(Collected data)

(* For all positive integers $n$ and all nonnegative integers $d_1 \le d_2$, we have $\mathsf{maxR}(n,d_1) \le \mathsf{maxR}(n,d_2)$.
   Context: $\mathsf{WR}(f)$ is the Waring rank of a homogeneous $f\in\mathbb{C}[x_1,\dots,x_n]_d$: the smallest $r$ with $f=\sum_{k=1}^r\ell_k^d$ for linear forms $\ell_k$. $\mathsf{maxR}(n,d) = \max\{\mathsf{WR}(f) \mid f \in \mathbb{C}[x_1,\dots,x_n]_d\}$ is the maximum Waring rank of a degree-$d$ form in $n$ variables. *)

theory Defs
  imports Complex_Main "HOL-Library.Extended_Nat"
begin

definition monoms :: "nat \<Rightarrow> nat \<Rightarrow> (nat \<Rightarrow> nat) set" where
  "monoms n d = {\<alpha>. (\<forall>i\<ge>n. \<alpha> i = 0) \<and> (\<Sum>i<n. \<alpha> i) = d}"

(* Homogeneous forms of degree d in n variables over C, represented by their
   polynomial functions (faithful since C is infinite). Points are x :: nat => complex;
   only the coordinates x 0, ..., x (n-1) matter. *)
definition forms :: "nat \<Rightarrow> nat \<Rightarrow> ((nat \<Rightarrow> complex) \<Rightarrow> complex) set" where
  "forms n d = {F. \<exists>c :: (nat \<Rightarrow> nat) \<Rightarrow> complex.
      \<forall>x. F x = (\<Sum>\<alpha>\<in>monoms n d. c \<alpha> * (\<Prod>i<n. x i ^ \<alpha> i))}"

(* Waring rank: least r with F = sum_{k<r} c_k * l_k^d, l_k linear forms.
   (Scalars c_k are absorbed into l_k when d >= 1 over C; they give the
   standard convention in degree 0.)  Infinity if no decomposition. *)
definition WR :: "nat \<Rightarrow> nat \<Rightarrow> ((nat \<Rightarrow> complex) \<Rightarrow> complex) \<Rightarrow> enat" where
  "WR n d F = (INF r \<in> {r. \<exists>(c :: nat \<Rightarrow> complex) (a :: nat \<Rightarrow> nat \<Rightarrow> complex).
      \<forall>x. F x = (\<Sum>k<r. c k * (\<Sum>i<n. a k i * x i) ^ d)}. enat r)"

definition maxR :: "nat \<Rightarrow> nat \<Rightarrow> enat" where
  "maxR n d = (SUP F \<in> forms n d. WR n d F)"

end

(* Differentiating a Waring decomposition G = sum_k c_k l_k^(d+1) with respect to x_0 gives
   the decomposition dG/dx_0 = sum_k (d+1) c_k l_k(e_0) l_k^d of the same length, so
   WR(dG/dx_0) <= WR(G). Every form F of degree d is dG/dx_0 for some form G of degree d+1
   (integrate each monomial in x_0), hence WR(F) <= maxR(n, d+1); this needs n >= 1. *)
theory Submission imports Defs begin

lemma finite_monoms: "finite (monoms n d)"
proof (rule finite_subset)
  show "monoms n d \<subseteq>
      {\<alpha>. \<forall>i. (i \<in> {..<n} \<longrightarrow> \<alpha> i \<in> {..d}) \<and> (i \<notin> {..<n} \<longrightarrow> \<alpha> i = 0)}"
    unfolding monoms_def by (auto intro: member_le_sum[of _ "{..<n}", THEN order_trans])
qed (intro finite_set_of_finite_funs; simp)

lemma sum_upd0:
  fixes \<alpha> :: "nat \<Rightarrow> 'a::comm_monoid_add"
  assumes "n \<ge> 1"
  shows "(\<Sum>i<n. (\<alpha>(0 := k)) i) = k + (\<Sum>i\<in>{..<n}-{0}. \<alpha> i)"
  using assms by (simp add: sum.remove[of "{..<n}" 0])

lemma monoms_raise0:
  assumes "n \<ge> 1" and "\<alpha> \<in> monoms n d"
  shows "\<alpha>(0 := Suc (\<alpha> 0)) \<in> monoms n (Suc d)"
  using assms sum_upd0[OF assms(1), of \<alpha> "\<alpha> 0"] sum_upd0[OF assms(1), of \<alpha> "Suc (\<alpha> 0)"]
  by (auto simp: monoms_def)

lemma prod_monomial_upd0:
  fixes x :: "nat \<Rightarrow> 'a::comm_monoid_mult"
  assumes "n \<ge> 1"
  shows "(\<Prod>i<n. (x(0 := t)) i ^ (\<alpha>(0 := k)) i) = t ^ k * (\<Prod>i\<in>{..<n}-{0}. x i ^ \<alpha> i)"
  using assms by (simp add: prod.remove[of "{..<n}" 0])

lemma sum_monomials_in_forms:
  assumes "inj_on g A" and "g ` A \<subseteq> monoms n d"
  shows "(\<lambda>x. \<Sum>a\<in>A. b a * (\<Prod>i<n. x i ^ g a i)) \<in> forms n d"
proof -
  define c where "c \<beta> = (if \<beta> \<in> g ` A then b (the_inv_into A g \<beta>) else 0)" for \<beta>
  have "(\<Sum>a\<in>A. b a * (\<Prod>i<n. x i ^ g a i)) = (\<Sum>\<beta>\<in>monoms n d. c \<beta> * (\<Prod>i<n. x i ^ \<beta> i))" for x
  proof -
    have "(\<Sum>a\<in>A. b a * (\<Prod>i<n. x i ^ g a i)) = (\<Sum>\<beta>\<in>g ` A. c \<beta> * (\<Prod>i<n. x i ^ \<beta> i))"
      using assms(1) by (simp add: sum.reindex c_def the_inv_into_f_f)
    also have "\<dots> = (\<Sum>\<beta>\<in>monoms n d. c \<beta> * (\<Prod>i<n. x i ^ \<beta> i))"
      using assms(2) finite_monoms by (intro sum.mono_neutral_left) (auto simp: c_def)
    finally show ?thesis .
  qed
  then show ?thesis
    unfolding forms_def by blast
qed

definition has_partial0_derivative ::
    "((nat \<Rightarrow> complex) \<Rightarrow> complex) \<Rightarrow> ((nat \<Rightarrow> complex) \<Rightarrow> complex) \<Rightarrow> bool" where
  "has_partial0_derivative G F \<longleftrightarrow> (\<forall>x. ((\<lambda>t. G (x(0 := t))) has_field_derivative F x) (at (x 0)))"

lemma forms_partial0_antiderivative:
  assumes "n \<ge> 1" and "F \<in> forms n d"
  obtains G where "G \<in> forms n (Suc d)" and "has_partial0_derivative G F"
proof -
  obtain c where F: "\<And>x. F x = (\<Sum>\<alpha>\<in>monoms n d. c \<alpha> * (\<Prod>i<n. x i ^ \<alpha> i))"
    using assms(2) unfolding forms_def by blast
  define raise0 :: "(nat \<Rightarrow> nat) \<Rightarrow> nat \<Rightarrow> nat" where "raise0 \<alpha> = \<alpha>(0 := Suc (\<alpha> 0))" for \<alpha>
  define G where
    "G x = (\<Sum>\<alpha>\<in>monoms n d. c \<alpha> / of_nat (Suc (\<alpha> 0)) * (\<Prod>i<n. x i ^ raise0 \<alpha> i))" for x
  have "inj_on raise0 (monoms n d)"
    unfolding raise0_def inj_on_def fun_eq_iff by (metis fun_upd_apply nat.inject)
  moreover have "raise0 ` monoms n d \<subseteq> monoms n (Suc d)"
    using monoms_raise0[OF assms(1)] unfolding raise0_def by blast
  ultimately have "G \<in> forms n (Suc d)"
    unfolding G_def by (rule sum_monomials_in_forms)
  moreover have "has_partial0_derivative G F"
    unfolding has_partial0_derivative_def
  proof
    fix x :: "nat \<Rightarrow> complex"
    define tail where "tail \<alpha> = (\<Prod>i\<in>{..<n}-{0}. x i ^ \<alpha> i)" for \<alpha>
    have G_line: "G (x(0 := t)) =
        (\<Sum>\<alpha>\<in>monoms n d. c \<alpha> / of_nat (Suc (\<alpha> 0)) * (t ^ Suc (\<alpha> 0) * tail \<alpha>))" for t
      unfolding G_def raise0_def tail_def prod_monomial_upd0[OF assms(1)] ..
    have F_x: "F x = (\<Sum>\<alpha>\<in>monoms n d. c \<alpha> * (x 0 ^ \<alpha> 0 * tail \<alpha>))"
      using prod_monomial_upd0[OF assms(1), of x "x 0" \<alpha> "\<alpha> 0" for \<alpha>]
      unfolding F tail_def by simp
    have "((\<lambda>t. G (x(0 := t))) has_field_derivative
        (\<Sum>\<alpha>\<in>monoms n d.
          c \<alpha> / of_nat (Suc (\<alpha> 0)) * (of_nat (Suc (\<alpha> 0)) * x 0 ^ \<alpha> 0 * tail \<alpha>))) (at (x 0))"
      (is "(_ has_field_derivative ?D) _")
      unfolding G_line
      by (intro DERIV_sum DERIV_cmult DERIV_cmult_right) (use DERIV_power_Suc[OF DERIV_ident] in simp)
    moreover have "?D = F x"
      unfolding F_x by (intro sum.cong refl) (simp del: of_nat_Suc)
    ultimately show "((\<lambda>t. G (x(0 := t))) has_field_derivative F x) (at (x 0))"
      by simp
  qed
  ultimately show thesis
    by (rule that)
qed

lemma linear_form_upd0_has_derivative:
  fixes a x :: "nat \<Rightarrow> 'a::real_normed_field"
  assumes "n \<ge> 1"
  shows "((\<lambda>t. \<Sum>i<n. a i * (x(0 := t)) i) has_field_derivative a 0) (at t)"
proof -
  have "(\<lambda>t. \<Sum>i<n. a i * (x(0 := t)) i) = (\<lambda>t. a 0 * t + (\<Sum>i\<in>{..<n}-{0}. a i * x i))"
    using assms by (simp add: sum.remove[of "{..<n}" 0])
  then show ?thesis
    by (auto intro!: derivative_eq_intros)
qed

lemma partial0_Waring_decomposition:
  assumes "n \<ge> 1" and "has_partial0_derivative G F"
    and G: "\<And>x. G x = (\<Sum>k<r. c k * (\<Sum>i<n. a k i * x i) ^ Suc d)"
  shows "F x = (\<Sum>k<r. (of_nat (Suc d) * a k 0 * c k) * (\<Sum>i<n. a k i * x i) ^ d)"
proof -
  have "((\<lambda>t. G (x(0 := t))) has_field_derivative F x) (at (x 0))"
    using assms(2) unfolding has_partial0_derivative_def by blast
  moreover have "((\<lambda>t. G (x(0 := t))) has_field_derivative
      (\<Sum>k<r. c k * ((1 + of_nat d) * (a k 0 * (\<Sum>i<n. a k i * (x(0 := x 0)) i) ^ d)))) (at (x 0))"
    unfolding G
    by (intro DERIV_sum DERIV_cmult DERIV_power_Suc linear_form_upd0_has_derivative assms(1))
  ultimately show ?thesis
    by (auto dest: DERIV_unique intro: sum.cong simp: algebra_simps)
qed

lemma WR_le_WR:
  assumes "\<And>r c a. \<forall>x. G x = (\<Sum>k<r. c k * (\<Sum>i<n. a k i * x i) ^ e) \<Longrightarrow>
      \<exists>(c :: nat \<Rightarrow> complex) a. \<forall>x. F x = (\<Sum>k<r. c k * (\<Sum>i<n. a k i * x i) ^ d)"
  shows "WR n d F \<le> WR n e G"
  unfolding WR_def
proof (rule INF_mono)
  fix r assume "r \<in> {r. \<exists>(c :: nat \<Rightarrow> complex) a. \<forall>x. G x = (\<Sum>k<r. c k * (\<Sum>i<n. a k i * x i) ^ e)}"
  then have "r \<in> {r. \<exists>(c :: nat \<Rightarrow> complex) a. \<forall>x. F x = (\<Sum>k<r. c k * (\<Sum>i<n. a k i * x i) ^ d)}"
    using assms by blast
  then show "\<exists>r'\<in>{r. \<exists>(c :: nat \<Rightarrow> complex) a. \<forall>x. F x = (\<Sum>k<r. c k * (\<Sum>i<n. a k i * x i) ^ d)}.
      enat r' \<le> enat r"
    by blast
qed

lemma WR_le_WR_partial0:
  assumes "n \<ge> 1" and "has_partial0_derivative G F"
  shows "WR n d F \<le> WR n (Suc d) G"
proof (rule WR_le_WR)
  fix r and c :: "nat \<Rightarrow> complex" and a
  assume "\<forall>x. G x = (\<Sum>k<r. c k * (\<Sum>i<n. a k i * x i) ^ Suc d)"
  then have "F x = (\<Sum>k<r. (of_nat (Suc d) * a k 0 * c k) * (\<Sum>i<n. a k i * x i) ^ d)" for x
    by (intro partial0_Waring_decomposition[OF assms]) simp
  then show "\<exists>(c :: nat \<Rightarrow> complex) a. \<forall>x. F x = (\<Sum>k<r. c k * (\<Sum>i<n. a k i * x i) ^ d)"
    by (intro exI[of _ "\<lambda>k. of_nat (Suc d) * a k 0 * c k"] exI[of _ a]) blast
qed

lemma maxR_le_maxR_Suc:
  assumes "n \<ge> 1"
  shows "maxR n d \<le> maxR n (Suc d)"
  unfolding maxR_def
proof (rule SUP_least)
  fix F assume "F \<in> forms n d"
  then obtain G where "G \<in> forms n (Suc d)" and "has_partial0_derivative G F"
    using forms_partial0_antiderivative[OF assms] by blast
  then show "WR n d F \<le> (SUP G \<in> forms n (Suc d). WR n (Suc d) G)"
    using WR_le_WR_partial0[OF assms] SUP_upper order_trans by metis
qed

theorem proposition12:
  fixes n d1 d2 :: nat
  assumes "n \<ge> 1" and "d1 \<le> d2"
  shows "maxR n d1 \<le> maxR n d2"
  using lift_Suc_mono_le[of "maxR n"] maxR_le_maxR_Suc[OF assms(1)] assms(2) by blast

end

§ **TASK**
Where a line in the entries holds "definition", copy that line.

§ **ANSWER TO THE PROBLEM**
definition monoms :: "nat \<Rightarrow> nat \<Rightarrow> (nat \<Rightarrow> nat) set" where
definition forms :: "nat \<Rightarrow> nat \<Rightarrow> ((nat \<Rightarrow> complex) \<Rightarrow> complex) set" where
definition WR :: "nat \<Rightarrow> nat \<Rightarrow> ((nat \<Rightarrow> complex) \<Rightarrow> complex) \<Rightarrow> enat" where
definition maxR :: "nat \<Rightarrow> nat \<Rightarrow> enat" where
definition has_partial0_derivative ::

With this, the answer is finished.